Само по себе разрушение мифологической картины мира ведет не к методическому исследованию, а, скорее, к легким решениям в духе наивного реализма («все таково, каким оно кажется»[638]), за которыми может следовать и всеобщий нигилизм.[639] В Греции архаической и классической эпох настроения такого рода не могли оказаться господствующими: как мы пытались показать выше (гл. I), обстановка территориальной экспансии, технического и экономического подъема, формирование полисного строя в условиях борьбы за власть новых социальных групп, оттеснявших родовую аристократию, в сфере общественного настроения проявлялась в виде ограниченного оптимизма, веры в возможность улучшения жизни, в возможность достижения поставленных перед собой конкретных, ограниченных целей.
Вопрос заключается в том, почему в Греции некоторые люди стали прилагать усилия[640] к отысканию первых научных истин, которые чаще всего не могли быть никак использованы практически. И. Д. Рожанский справедливо отмечает, что уже первые попытки рационального объяснения действительности потребовали (в отличие от мифологических объяснений, добавим мы) «напряженнейшей умственной работы».[641]
Мы сможем ответить на этот вопрос, опираясь на признаваемый историками науки и специалистами по психологии научного творчества факт известного постоянства в психологической мотивации деятелей науки на всем протяжении ее существования. Для ученого является характерным сочетание непосредственного интереса к предмету его занятий и стремления к признанию.
М. Г. Ярошевский приводит, наряду с результатами исследований Макклеланда, Роу, Чемберса, очень характерное свидетельство Рамон-и-Кахаля:
«Не особые интеллектуальные способности отличают исследователя от других людей <...>, а его мотивация, которая объединяет две страсти: любовь к истине и жажду славы; именно они придают обычному рассудку то высокое напряжение, которое ведет к открытию».[642]
Μ. Г. Ярошевский отмечает также, что «уже на заре науки притязание на авторство становится одним из самых могучих двигателей поведения исследователей природы», ссылаясь при этом на известное свидетельство о том, как дорожил своим приоритетом уже Фалес.[643]

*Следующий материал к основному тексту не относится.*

lemma qpoch_nth_0: "a $ 0 = 0 \<Longrightarrow> qpoch a n $ 0 = 1"
  by (induction n) (simp_all add: qpoch_Suc)

lemma qpoch_qinv: "qpoch qq k * qinv k = 1"
  by (intro inverse_mult_eq_1') (simp add: qpoch_nth_0)

lemma qpoch_split: "qpoch qq j * qpoch (qq^(j+1)) n = qpoch qq (j+n)"
proof (induction n)
  case (Suc n)
  have "qq ^ (j + 1) * qq ^ n = (qq * qq ^ (j + n) :: complex fps)"
    by (simp add: power_add)
  then show ?case using Suc by (simp add: qpoch_Suc mult.assoc[symmetric])
qed simp

lemma solve_lin:
  fixes x b a :: "complex fps"
  assumes "x * (1 - a) = b" "a $ 0 = 0"
  shows "x = b * inverse (1 - a)"
proof -
  have "(1 - a) * inverse (1 - a) = 1" using assms(2) by (intro inverse_mult_eq_1') simp
  then have "x = x * ((1 - a) * inverse (1 - a))" by simp
  also have "\<dots> = b * inverse (1 - a)" using assms(1) by (simp add: mult.assoc[symmetric])
  finally show ?thesis .
qed

lemma mset_count_closed: "mset_count m = qinv m"
proof (induction m)
  case 0 then show ?case by (simp add: mset_gf_0)
next
  case (Suc m)
  have "mset_count (Suc m) * (1 - qq ^ Suc m) = mset_count m"
    using mset_count_rec[of m] by (simp add: algebra_simps del: power_Suc)
  then have "mset_count (Suc m) = mset_count m * inverse (1 - qq ^ Suc m)"
    by (rule solve_lin) simp
  also have "\<dots> = inverse (qpoch qq m * (1 - qq * qq ^ m))"
    using Suc by (simp add: fps_inverse_mult)
  finally show ?case by (simp add: qpoch_Suc)
qed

§ 2. Формирование в Греции общественного мнения, поощряющего творческие достижения
Здесь мы и подходим вплотную к предлагаемому нами решению загадки «греческого чуда». Я полагаю, что ориентация греков архаической эпохи на успех и первенство в делах не только жизненной важности, но и не обусловленных прямой необходимостью (агональное устремление), в условиях социальных перемен, связанных с оттеснением аристократии на задний план и с частичным понижением престижа атлетики (см. гл. II, § 2), распространилась на духовную деятельность.[644] Именно в этих условиях переслали подавляться и, наоборот, стали стимулироваться средой творческие задатки индивидуумов даже в тех случаях, когда первые плоды их умственной деятельности оказывались практически бесполезными.
Важным дополнительным стимулирующим фактором оказывался сам полис как форма греческой государственности: именно в полисе с его ограниченной территорией и ограниченным числом граждан, которые все в большинстве своем могли знать друг друга (PI. Leg. 737 d — 738 е; Arist. Pol. 1326 b 14-9), общественное признание могло быть особенно ощутимым при первых же успехах творческой деятельности молодого человека.
Роль институционализированного агона в развитии греческой литературы и музыки хорошо известна. Я сейчас выдвигаю предположение о том, что агон не институционализированный сыграл сходную роль в возникновении науки и в формировании греческой философии.
Начнем с того, что античная биографическая традиция, приписывая ряду деятелей греческой культуры ту или иную форму причастности к атлетике, в сущности, отражает бытовавшее уже в древности представление о какой-то преемственности деятельности в сфере культуры по отношению к атлетической агонистике.
638
Проявления такого взгляда на природу встречаются и в Греции: Эпикур, например, утверждал, что для нас Солнце по величине такое, каким оно представляется (Ad Pyth. 91).
640
Бесспорный факт, что поиски не только научной истины, но и любых положений, могущих претендовать на победу в конкуренции с противостоящими им, требуют напряженного труда, был осознан греками очень рано. О трудных поисках истины говорит уже Пиндар (fr. 205 Snell; ср.: Snell. Dichtung und Gesellschaft. S. 133-136).
641
Рожанский И. Д. Развитие естествознания в эпоху античности: Ранняя греческая наука о «природе». М., 1979. С. 40.
642
Ярошевский М. Г. О внешней и внутренней мотивации научного творчества // Проблемы научного творчества. С. 205 и сл.; Rogers С. R. Towards а theoryof creativity // Α source book for creative thinking. P. 63-72; Μoles Α. Methodologie de lacreation scien-tifique. Paris, 1963. P. 9 sv.
644
Роль соревновательного начала как стимулятора творчества отмечали уже древние (Vell. Pat. 1, 17).